Here is an example usage in conjuction with an API call to your REDCap instance:

library(RCurl)

# Get the records
records <- postForm(
    uri = api_url,     # Supply your site-specific URI
    token = api_token, # Supply your own API token
    content = 'record',
    format = 'json',
    returnFormat = 'json'
)

# Get the metadata
metadata <- postForm(
    uri = api_url,     # Supply your site-specific URI
    token = api_token, # Supply your own API token
    content = 'metadata',
    format = 'json'
)

# Convert exported JSON strings into a list of data.frames
REDCapRITS::REDCap_split(records, metadata)

And here is an example of usage when downloading a REDCap export of the raw data (not labelled!) manually from your REDCap web interface:

# Get the records
records <- read.csv("/path/to/data/ExampleProject_DATA_2018-06-03_1700.csv")

# Get the metadata
metadata <- read.csv("/path/to/data/ExampleProject_DataDictionary_2018-06-03.csv")

# Split the tables
REDCapRITS::REDCap_split(records, metadata)

REDCapRITS also works with the data export script (a.k.a., syntax file) supplied by REDCap.
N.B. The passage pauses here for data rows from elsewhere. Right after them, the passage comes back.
lemma client_consolidation_potential_le:
  assumes "client_consolidation P F d p x w w'" "\<forall>v\<in>P. 0 \<le> w v" "0 \<le> p"
  shows "(\<Sum>v\<in>P. w' v * Rad F d p x v powr p) \<le> (\<Sum>v\<in>P. w v * Rad F d p x v powr p)"
proof -
  let ?R = "Rad F d p x"
  obtain vs where vs: "distinct vs" "set vs = P" "sorted (map ?R vs)"
    and run: "cons_run d (\<lambda>v. 2 powr ((p + 1) / p) * ?R v) vs w (length vs) w'"
    using assms(1) unfolding client_consolidation_def by blast
  have mono: "?R (vs ! i) powr p \<le> ?R (vs ! k) powr p" if "i < k" "k < length vs" for i k
    using sorted_nth_mono[OF vs(3), of i k] that assms(3)
    by (intro powr_mono2) (auto simp: Rad_def)
  have "(\<Sum>v\<in>set vs. w' v * ?R v powr p) \<le> (\<Sum>v\<in>set vs. w v * ?R v powr p)"
    by (rule cons_run_weighted_sum_le[OF run vs(1)]) (use assms(2) vs(2) mono in auto)
  then show ?thesis
    using vs(2) by simp
qed

lemma exists_le_weighted_average:
  fixes a x :: "'a \<Rightarrow> real"
  assumes "finite A" "\<forall>u\<in>A. 0 \<le> x u" "(\<Sum>u\<in>A. x u) = 1"
  shows "\<exists>u\<in>A. 0 < x u \<and> a u \<le> (\<Sum>u\<in>A. a u * x u)"
proof (rule ccontr)
  define S where "S = (\<Sum>u\<in>A. a u * x u)"
  assume "\<not> ?thesis"
  then have above: "\<And>u. u \<in> A \<Longrightarrow> 0 < x u \<Longrightarrow> S < a u"
    by (auto simp: S_def not_le)
  obtain u0 where "u0 \<in> A" "0 < x u0"
    using assms(2,3) sum_nonpos[of A x] by (metis less_eq_real_def not_le zero_less_one)
  have "(\<Sum>u\<in>A. S * x u) < (\<Sum>u\<in>A. a u * x u)"
  proof (rule sum_strict_mono_ex1[OF assms(1)])
    show "\<forall>u\<in>A. S * x u \<le> a u * x u"
      using above assms(2) by (metis less_eq_real_def mult_right_mono mult_zero_right)
    show "\<exists>u\<in>A. S * x u < a u * x u"
      using \<open>u0 \<in> A\<close> \<open>0 < x u0\<close> above by (auto intro!: bexI[of _ u0])
  qed
  then show False
    using assms(3) by (simp add: S_def flip: sum_distrib_left)
qed

lemma weight_of_far_points_le:
  fixes a x :: "'a \<Rightarrow> real"
  assumes "finite A" "B \<subseteq> A" "\<forall>u\<in>A. 0 \<le> x u \<and> 0 \<le> a u" "0 < t"
    and far: "\<forall>u\<in>B. t * (\<Sum>u\<in>A. a u * x u) < a u"
  shows "t * (\<Sum>u\<in>B. x u) \<le> 1"
proof -
  define S where "S = (\<Sum>u\<in>A. a u * x u)"
  have S_B: "(\<Sum>u\<in>B. a u * x u) \<le> S"
    unfolding S_def using assms(1-3) by (intro sum_mono2) auto
  show ?thesis
  proof (cases "S = 0")
    case True
    have "\<forall>u\<in>A. a u * x u = 0"
      using True assms(1,3) by (simp add: S_def sum_nonneg_eq_0_iff)
    moreover have "\<forall>u\<in>B. 0 < a u"
      using far True by (simp add: S_def)
    ultimately have "\<forall>u\<in>B. x u = 0"
      using assms(2) by (metis less_irrefl mult_eq_0_iff subsetD)
    then show ?thesis by simp
  next
    case False
    moreover have "0 \<le> S"
      unfolding S_def using assms(3) by (intro sum_nonneg) auto
    ultimately have "0 < S" by simp
    have "(\<Sum>u\<in>B. t * S * x u) \<le> (\<Sum>u\<in>B. a u * x u)"
      using far assms(2,3) by (intro sum_mono mult_right_mono) (auto simp: S_def)
    then have "S * (t * (\<Sum>u\<in>B. x u)) \<le> S * 1"
      using S_B by (simp add: sum_distrib_left mult_ac)
    then show ?thesis
      using \<open>0 < S\<close> by simp
  qed
qed

lemma exists_capped_completion:
  fixes a y :: "'a \<Rightarrow> real"
  assumes "finite F" "A \<subseteq> F" "B \<subseteq> F" "A \<inter> B = {}" "\<forall>u\<in>F. 0 \<le> y u"
    and "(\<Sum>u\<in>A. y u) \<le> 1" "1 - (\<Sum>u\<in>A. y u) \<le> (\<Sum>u\<in>B. y u)"
    and "\<forall>u\<in>B. a u \<le> M"
  shows "\<exists>z. (\<Sum>u\<in>F. z u) = 1 \<and> (\<forall>u\<in>F. 0 \<le> z u \<and> z u \<le> y u)
    \<and> (\<Sum>u\<in>F. a u * z u) \<le> (\<Sum>u\<in>A. a u * y u) + M * (1 - (\<Sum>u\<in>A. y u))"
proof -
  define s t where "s = (\<Sum>u\<in>A. y u)" and "t = (\<Sum>u\<in>B. y u)"
  define k where "k = (1 - s) / t"
  have k: "0 \<le> k" "k \<le> 1" "k * t = 1 - s"
    using assms(6,7) unfolding k_def s_def t_def by (auto simp: divide_le_eq)
  define z where "z = (\<lambda>u. if u \<in> A then y u else if u \<in> B then k * y u else 0)"
  have split: "(\<Sum>u\<in>F. g u * z u) = (\<Sum>u\<in>A. g u * y u) + k * (\<Sum>u\<in>B. g u * y u)" for g
  proof -
    have "(\<Sum>u\<in>F. g u * z u)
        = (\<Sum>u\<in>F. (if u \<in> A then g u * y u else 0) + (if u \<in> B then k * (g u * y u) else 0))"
      using assms(4) by (intro sum.cong) (auto simp: z_def)
    also have "\<dots> = (\<Sum>u\<in>A. g u * y u) + (\<Sum>u\<in>B. k * (g u * y u))"
      using assms(1-3) by (simp add: sum.distrib sum.inter_restrict[symmetric] Int_absorb1)
    finally show ?thesis
      by (simp add: sum_distrib_left)
  qed
  have "(\<Sum>u\<in>F. z u) = 1"
    using split[of "\<lambda>_. 1"] k by (simp add: s_def t_def)
  moreover have "\<forall>u\<in>F. 0 \<le> z u \<and> z u \<le> y u"
    using assms(5) k by (auto simp: z_def intro: mult_left_le_one_le)
  moreover have "k * (\<Sum>u\<in>B. a u * y u) \<le> M * (1 - s)"
  proof -
    have "(\<Sum>u\<in>B. a u * y u) \<le> (\<Sum>u\<in>B. M * y u)"
      using assms(3,5,8) by (intro sum_mono mult_right_mono) auto
    then have "k * (\<Sum>u\<in>B. a u * y u) \<le> k * (M * t)"
      using k(1) by (simp add: t_def sum_distrib_left[symmetric] mult_left_mono)
    also have "\<dots> = M * (1 - s)"
      using k(3) by (simp add: mult_ac)
    finally show ?thesis .
  qed
  ultimately show ?thesis
    using split[of a] unfolding s_def by (intro exI[of _ z]) linarith
qed
lemma good_triangulation_cell_excluded_pairs:
  assumes G: "multigraph V E src tgt" and good: "good_triangulation V E src tgt T"
    and "S \<in> T" "f \<in> E"
  shows "e_tilde src tgt f \<in> S \<Longrightarrow> e_edge f \<notin> S"
    and "e_tilde src tgt f \<in> S \<Longrightarrow> e_left src tgt f \<notin> S"
    and "e_tilde src tgt f \<in> S \<Longrightarrow> e_right src tgt f \<notin> S"
    and "src f \<noteq> tgt f \<Longrightarrow> e_left src tgt f \<in> S \<Longrightarrow> e_right src tgt f \<notin> S"
proof -
  have in_std: "e_node (src f) \<in> std_simplex V E" "e_node (tgt f) \<in> std_simplex V E"
    "e_edge f \<in> std_simplex V E"
    using G \<open>f \<in> E\<close> unfolding multigraph_def std_simplex_def by auto
  have tilde_out: "e_tilde src tgt f \<notin> std_simplex V E"
    using neg_coord_notin_std_simplex[of "e_tilde src tgt f" "Inr f" V E]
    by (simp add: e_tilde_neg_coord)
  have sums: "\<And>i. e_tilde src tgt f i + e_edge f i = e_node (src f) i + e_node (tgt f) i"
    "\<And>i. e_tilde src tgt f i + e_left src tgt f i = e_node (src f) i + e_node (src f) i"
    "\<And>i. e_tilde src tgt f i + e_right src tgt f i = e_node (tgt f) i + e_node (tgt f) i"
    "\<And>i. e_left src tgt f i + e_right src tgt f i = e_edge f i + e_edge f i"
    by (simp_all add: e_tilde_def e_left_def e_right_def e_edge_def e_node_def)
  note exchange = good_triangulation_cell_exchange[OF good \<open>S \<in> T\<close>]
  show "e_edge f \<notin> S" if "e_tilde src tgt f \<in> S"
    using exchange[OF that _ in_std(1,2) sums(1)] tilde_out by blast
  show "e_left src tgt f \<notin> S" if "e_tilde src tgt f \<in> S"
    using exchange[OF that _ in_std(1,1) sums(2)] tilde_out by blast
  show "e_right src tgt f \<notin> S" if "e_tilde src tgt f \<in> S"
    using exchange[OF that _ in_std(2,2) sums(3)] tilde_out by blast
  show "e_right src tgt f \<notin> S" if "src f \<noteq> tgt f" "e_left src tgt f \<in> S"
    using exchange[OF that(2) _ in_std(3,3) sums(4)] that(1)
      neg_coord_notin_std_simplex[of "e_left src tgt f" "Inl (tgt f)" V E]
    by (auto simp: e_left_neg_coord)
qed

lemma node_weights_extend_to_vanishing_functional:
  fixes \<alpha> :: "'v \<Rightarrow> real"
  assumes G: "multigraph V E src tgt" and good: "good_triangulation V E src tgt T" and "S \<in> T"
    and unselected: "\<And>x. x \<in> selected_nodes V S \<Longrightarrow> \<alpha> x = 0"
    and balanced: "\<And>f. f \<in> double_edges E src tgt S \<Longrightarrow> \<alpha> (src f) = \<alpha> (tgt f)"
  obtains c where "\<And>a. a \<in> S \<Longrightarrow> lin (coords V E) c a = 0"
    and "\<And>x. x \<in> V \<Longrightarrow> lin (coords V E) c (e_node x) = \<alpha> x"
proof -
  \<comment> \<open>The excluded pairs leave at most one constraint on the edge coordinate of each edge.\<close>
  define \<beta> where "\<beta> f =
    (if e_edge f \<in> S then 0
     else if e_tilde src tgt f \<in> S then \<alpha> (src f) + \<alpha> (tgt f)
     else if e_left src tgt f \<in> S then \<alpha> (tgt f) - \<alpha> (src f)
     else \<alpha> (src f) - \<alpha> (tgt f))" for f
  let ?c = "case_sum \<alpha> \<beta>"
  note lin_points = lin_coords_cosmo_points[OF G, of _ ?c]
  note excluded = good_triangulation_cell_excluded_pairs[OF G good \<open>S \<in> T\<close>]
  have balanced_edge: "\<alpha> (src f) = \<alpha> (tgt f)"
    if "f \<in> E" "e_edge f \<in> S" "e_left src tgt f \<in> S \<or> e_right src tgt f \<in> S" for f
  proof (cases "src f = tgt f")
    case False
    with that have "f \<in> double_edges E src tgt S" unfolding double_edges_def by simp
    then show ?thesis by (rule balanced)
  qed simp
  have "lin (coords V E) ?c a = 0" if "a \<in> S" for a
  proof -
    have "a \<in> cosmo_points V E src tgt"
      using good \<open>S \<in> T\<close> \<open>a \<in> S\<close> unfolding good_triangulation_def by blast
    then show ?thesis
    proof (cases rule: cosmo_pointsE)
      case (node x)
      then show ?thesis using that unselected[of x] lin_points(1) by (simp add: selected_nodes_def)
    next
      case (edge f)
      then show ?thesis using that lin_points(2) by (simp add: \<beta>_def)
    next
      case (tilde f)
      then show ?thesis using that excluded(1) lin_points(3) by (simp add: \<beta>_def)
    next
      case (left f)
      then have "src f \<noteq> tgt f" if "e_edge f \<notin> S" using that \<open>a \<in> S\<close> e_left_loop by metis
      with left that show ?thesis
        using balanced_edge[of f] excluded(2) lin_points(4)
        by (cases "e_edge f \<in> S") (auto simp: \<beta>_def)
    next
      case (right f)
      then have "src f \<noteq> tgt f" if "e_edge f \<notin> S" using that \<open>a \<in> S\<close> e_right_loop by metis
      with right that show ?thesis
        using balanced_edge[of f] excluded(3,4) lin_points(5)
        by (cases "e_edge f \<in> S") (auto simp: \<beta>_def)
    qed
  qed
  moreover have "lin (coords V E) ?c (e_node x) = \<alpha> x" if "x \<in> V" for x
    using lin_points(1)[OF that] by simp
  ultimately show thesis by (rule that)
qed
text \<open>A one-sided substitute for \<open>\<partial>\<^sub>1 G(z, \<tau>) = - z\<^sub>1 G(z, \<tau>) / (2 \<tau>)\<close>: it spares us
  differentiating under the Duhamel integral.\<close>

lemma heat_kernel_shift_diff_quotient_le:
  assumes "0 < \<tau>" "0 < h"
  shows "(heat_kernel (z + (h, 0)) \<tau> - heat_kernel z \<tau>) / h
    \<le> - heat_kernel (z + (h, 0)) \<tau> * (2 * fst z + h) / (4 * \<tau>)"
proof -
  define P where "P = (norm z)\<^sup>2 / (4 * \<tau>)"
  define A where "A = h * (2 * fst z + h) / (4 * \<tau>)"
  have "(norm (z + (h, 0)))\<^sup>2 = (fst z + h)\<^sup>2 + (snd z)\<^sup>2" "(norm z)\<^sup>2 = (fst z)\<^sup>2 + (snd z)\<^sup>2"
    by (cases z; simp add: norm_Pair)+
  then have "(norm (z + (h, 0)))\<^sup>2 = (norm z)\<^sup>2 + h * (2 * fst z + h)"
    by (simp add: power2_eq_square algebra_simps)
  then have shifted: "heat_kernel (z + (h, 0)) \<tau> = exp (- (P + A)) / (4 * pi * \<tau>)"
    unfolding heat_kernel_def P_def A_def using assms by (simp add: field_simps)
  have unshifted: "heat_kernel z \<tau> = exp (- P) / (4 * pi * \<tau>)"
    unfolding heat_kernel_def P_def by simp
  have "exp (- (P + A)) * (1 + A) \<le> exp (- (P + A)) * exp A"
    by (intro mult_left_mono exp_ge_add_one_self) simp
  also have "\<dots> = exp (- P)"
    by (simp flip: exp_add)
  finally have "exp (- (P + A)) - exp (- P) \<le> - exp (- (P + A)) * A"
    by (simp add: algebra_simps)
  then have "(exp (- (P + A)) - exp (- P)) / (4 * pi * \<tau>) \<le> - exp (- (P + A)) * A / (4 * pi * \<tau>)"
    using assms(1) by (intro divide_right_mono) auto
  then have "heat_kernel (z + (h, 0)) \<tau> - heat_kernel z \<tau> \<le> - heat_kernel (z + (h, 0)) \<tau> * A"
    unfolding shifted unshifted by (simp add: diff_divide_distrib)
  moreover have "- heat_kernel (z + (h, 0)) \<tau> * A = - heat_kernel (z + (h, 0)) \<tau> * (2 * fst z + h) / (4 * \<tau>) * h"
    by (simp add: A_def)
  ultimately show ?thesis
    using assms(2) by (simp only: pos_divide_le_eq)
qed

lemma heat_kernel_shift_diff_quotient_nonpos:
  assumes "0 < \<tau>" "0 < h" "0 \<le> fst z"
  shows "(heat_kernel (z + (h, 0)) \<tau> - heat_kernel z \<tau>) / h \<le> 0"
proof -
  have "0 \<le> heat_kernel (z + (h, 0)) \<tau> * (2 * fst z + h) / (4 * \<tau>)"
    using assms heat_kernel_nonneg[of \<tau>] by simp
  then show ?thesis
    using heat_kernel_shift_diff_quotient_le[OF assms(1,2), of z] by linarith
qed

lemma heat_kernel_shift_diff_quotient_le_far:
  assumes "0 < \<tau>" "0 < h" "h \<le> 1" "\<bar>fst z\<bar> \<le> N"
  shows "(heat_kernel (z + (h, 0)) \<tau> - heat_kernel z \<tau>) / h \<le> (2 * N + 1) / (16 * pi * \<tau>\<^sup>2)"
proof -
  define H where "H = heat_kernel (z + (h, 0)) \<tau>"
  have "- (2 * fst z + h) \<le> 2 * N + 1"
    using assms by linarith
  then have "H * - (2 * fst z + h) \<le> H * (2 * N + 1)"
    using heat_kernel_nonneg[of \<tau> "z + (h, 0)"] unfolding H_def by (rule mult_left_mono) (use assms in auto)
  then have "- H * (2 * fst z + h) \<le> H * (2 * N + 1)"
    by (simp add: algebra_simps)
  also have "\<dots> \<le> 1 / (4 * pi * \<tau>) * (2 * N + 1)"
    using assms heat_kernel_le abs_ge_zero[of "fst z"] unfolding H_def
    by (intro mult_right_mono) fastforce+
  finally have "- H * (2 * fst z + h) / (4 * \<tau>) \<le> 1 / (4 * pi * \<tau>) * (2 * N + 1) / (4 * \<tau>)"
    using assms(1) by (intro divide_right_mono) auto
  also have "\<dots> = (2 * N + 1) / (16 * pi * \<tau>\<^sup>2)"
    by (simp add: power2_eq_square)
  finally show ?thesis
    using heat_kernel_shift_diff_quotient_le[OF assms(1,2), of z] unfolding H_def by linarith
qed

lemma heat_kernel_shift_diff_quotient_le_near:
  assumes "0 < h" "0 < r" "r \<le> \<tau>" "\<tau> \<le> 2 * r" "0 \<le> v"
    and "v * r \<le> 2 * fst z + h" and "(norm (z + (h, 0)))\<^sup>2 \<le> R\<^sup>2 * \<tau>"
  shows "(heat_kernel (z + (h, 0)) \<tau> - heat_kernel z \<tau>) / h \<le> - v * exp (- (R\<^sup>2) / 4) / (64 * pi * r)"
proof -
  define E where "E = exp (- (R\<^sup>2) / 4)"
  have \<tau>: "0 < \<tau>" using assms by linarith
  have "E / (4 * pi * \<tau>) * (v * r) \<le> heat_kernel (z + (h, 0)) \<tau> * (2 * fst z + h)"
    using assms heat_kernel_ge[OF \<tau> assms(7)] heat_kernel_nonneg[of \<tau> "z + (h, 0)"] \<tau>
    by (intro mult_mono) (auto simp: E_def)
  moreover have "v * E / (64 * pi * r) \<le> E / (4 * pi * \<tau>) * (v * r) / (4 * \<tau>)"
  proof -
    have "\<tau> * \<tau> \<le> 4 * (r * r)"
      using assms \<tau> mult_mono[of \<tau> "2 * r" \<tau> "2 * r"] by simp
    then have "v * E * r / (16 * pi * (4 * (r * r))) \<le> v * E * r / (16 * pi * (\<tau> * \<tau>))"
      using assms \<tau> by (intro divide_left_mono mult_left_mono) (auto simp: E_def)
    then show ?thesis
      using assms by (simp add: field_simps)
  qed
  moreover have "E / (4 * pi * \<tau>) * (v * r) / (4 * \<tau>)
      \<le> heat_kernel (z + (h, 0)) \<tau> * (2 * fst z + h) / (4 * \<tau>)"
    using calculation(1) \<tau> by (intro divide_right_mono) auto
  ultimately have "- heat_kernel (z + (h, 0)) \<tau> * (2 * fst z + h) / (4 * \<tau>) \<le> - v * E / (64 * pi * r)"
    by simp
  then show ?thesis
    using heat_kernel_shift_diff_quotient_le[OF \<tau> assms(1), of z] unfolding E_def by linarith
qed

lemma heat_kernel_shift_diff_quotient_le_recent:
  assumes "0 < h" "h \<le> e" "e \<le> r" "r \<le> 1" "0 \<le> v"
    and "r * (v / 2) \<le> fst z" and "norm z \<le> r * L"
  shows "(heat_kernel (z + (h, 0)) (e + r) - heat_kernel z (e + r)) / h
    \<le> - v * exp (- ((L + 1)\<^sup>2) / 4) / (64 * pi * r)"
proof (rule heat_kernel_shift_diff_quotient_le_near)
  have "norm (z + (h, 0)) \<le> r * L + h"
    using norm_triangle_ineq[of z "(h, 0)"] assms by (simp add: norm_Pair)
  also have "\<dots> \<le> (L + 1) * r"
    using assms by (simp add: algebra_simps)
  finally have "(norm (z + (h, 0)))\<^sup>2 \<le> (L + 1)\<^sup>2 * r\<^sup>2"
    by (simp add: power_mono flip: power_mult_distrib)
  also have "\<dots> \<le> (L + 1)\<^sup>2 * (e + r)"
  proof -
    have "r * r \<le> r * 1"
      using assms by (intro mult_left_mono) auto
    then have "r\<^sup>2 \<le> e + r"
      unfolding power2_eq_square using assms by linarith
    then show ?thesis
      by (intro mult_left_mono) auto
  qed
  finally show "(norm (z + (h, 0)))\<^sup>2 \<le> (L + 1)\<^sup>2 * (e + r)" .
qed (use assms in \<open>auto simp: mult.commute\<close>)

lemma has_integral_inverse_diff:
  fixes t e :: real
  assumes "0 < e" "e \<le> 1"
  shows "((\<lambda>s. 1 / (t - s)) has_integral ln (1 / e)) {t - 1..t - e}"
proof -
  have "((\<lambda>s. 1 / (t - s)) has_integral (- ln (t - (t - e)) - - ln (t - (t - 1)))) {t - 1..t - e}"
  proof (rule fundamental_theorem_of_calculus[where f = "\<lambda>s. - ln (t - s)"])
    show "t - 1 \<le> t - e" using assms by simp
    fix s assume "s \<in> {t - 1..t - e}"
    then have "0 < t - s" using assms by auto
    then show "((\<lambda>s. - ln (t - s)) has_vector_derivative 1 / (t - s)) (at s within {t - 1..t - e})"
      by (auto intro!: derivative_eq_intros simp flip: has_real_derivative_iff_has_vector_derivative)
  qed
  then show ?thesis using assms by (simp add: ln_div)
qed

lemma integral_le_by_regimes:
  fixes q :: "real \<Rightarrow> real"
  assumes q: "continuous_on {0..t} q" and T: "0 \<le> T" "T \<le> t - 1" and e: "0 < e" "e \<le> 1"
    and early: "\<And>s. 0 \<le> s \<Longrightarrow> s \<le> T \<Longrightarrow> q s \<le> A"
    and late: "\<And>s. T \<le> s \<Longrightarrow> s \<le> t \<Longrightarrow> q s \<le> 0"
    and recent: "\<And>s. t - 1 \<le> s \<Longrightarrow> s \<le> t - e \<Longrightarrow> q s \<le> c / (t - s)"
  shows "integral {0..t} q \<le> T * A + c * ln (1 / e)"
proof -
  have integrable: "q integrable_on {l..r}" if "0 \<le> l" "r \<le> t" for l r
    using that by (intro integrable_continuous_real continuous_on_subset[OF q]) auto
  have log: "((\<lambda>s. c / (t - s)) has_integral c * ln (1 / e)) {t - 1..t - e}"
    using has_integral_mult_right[OF has_integral_inverse_diff[OF e]] by simp
  have "integral {0..T} q \<le> integral {0..T} (\<lambda>_. A)"
    using early T by (intro integral_le integrable) auto
  then have I1: "integral {0..T} q \<le> T * A"
    using T by simp
  have "integral {T..t - 1} q \<le> integral {T..t - 1} (\<lambda>_. 0)"
    using late T by (intro integral_le integrable) auto
  then have I2: "integral {T..t - 1} q \<le> 0"
    by simp
  have "integral {t - 1..t - e} q \<le> integral {t - 1..t - e} (\<lambda>s. c / (t - s))"
    using recent T e by (intro integral_le integrable has_integral_integrable[OF log]) auto
  then have I3: "integral {t - 1..t - e} q \<le> c * ln (1 / e)"
    using integral_unique[OF log] by simp
  have "integral {t - e..t} q \<le> integral {t - e..t} (\<lambda>_. 0)"
    using late T e by (intro integral_le integrable) auto
  then have I4: "integral {t - e..t} q \<le> 0"
    by simp
  have "integral {0..t} q = integral {0..T} q + integral {T..t} q"
    using T integrable[of 0 t] by (simp add: Henstock_Kurzweil_Integration.integral_combine)
  also have "integral {T..t} q = integral {T..t - 1} q + integral {t - 1..t} q"
    using T integrable[of T t] by (simp add: Henstock_Kurzweil_Integration.integral_combine)
  also have "integral {t - 1..t} q = integral {t - 1..t - e} q + integral {t - e..t} q"
    using T e integrable[of "t - 1" t] by (simp add: Henstock_Kurzweil_Integration.integral_combine)
  finally show ?thesis
    using I1 I2 I3 I4 by linarith
qed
Here is an example of its usage:

# Run the data export script supplied by REDCap. 
# This will create a data.frame of your records called 'data'
source("/path/to/data/ExampleProject_R_2018-06-03_1700.r", chdir = TRUE)

# Get the metadata
metadata <- read.csv("/path/to/metadata/ExampleProject_DataDictionary_2018-06-03.csv")

# Split the tables
REDCapRITS::REDCap_split(data, metadata)

SAS

  1. Download the data, SAS code to load the data, and the data dictionary from REDCap.
  2. Run the SAS code provided by REDCap to import the data.
  3. Run the RECapRITS macro definitions in the source editor or using %include.
  4. Run the macro call %REDCAP_READ_DATA_DICT() to load the data dictionary into your SAS session, pointing to the file location of your REDCap data dictionary.
  5. Run the macro call %REDCAP_SPLIT(). You will have an output dataset for your main table as well as for each repeating instrument.

Examples

Please follow the instructions from REDCap on importing the data into SAS. REDCap provides the data in a csv format as well as bat and sas files. The instructions are available when exporting the data from the REDCap web interface. If you do not use the pathway mapper (bat file) provided, you will need to go into the sas file provided by REDCap and alter the file path in the infile statment (Line 2).

* Run the program to import the data file into a SAS dataset;
%INCLUDE "c:\path\to\data\ExampleProject_SAS_2018-06-04_0950.sas";

* Run the MACRO definitions from this repo;
%INCLUDE "c:\path\to\macro\REDCap_split.sas";

* Read in the data dictionary;
%REDCAP_READ_DATA_DICT(c:\path\to\data\ExampleProject_DataDictionary_2018-06-04.csv);

* Split the tables;
%REDCAP_SPLIT();

Issues

Suggestions and contributions are more than welcome! Please feel free to create an issue or pull request.

About REDCap

This code was written for REDCap electronic data capture tools [2]. Code for this project was tested on the REDCap instance hosted at Spectrum Health, Grand Rapids, MI. REDCap (Research Electronic Data Capture) is a secure, web-based application designed to support data capture for research studies, providing 1) an intuitive interface for validated data entry; 2) audit trails for tracking data manipulation and export procedures; 3) automated export procedures for seamless data downloads to common statistical packages; and 4) procedures for importing data from external sources.

References

[1] Henderson and Velleman (1981), Building multiple regression models interactively. Biometrics, 37, 391--411. Modified with fake data for the purpose of illustration

[2] Paul A. Harris, Robert Taylor, Robert Thielke, Jonathon Payne, Nathaniel Gonzalez, Jose G. Conde, Research electronic data capture (REDCap) A metadata-driven methodology and workflow process for providing translational research informatics support, J Biomed Inform. 2009 Apr;42(2):377-81.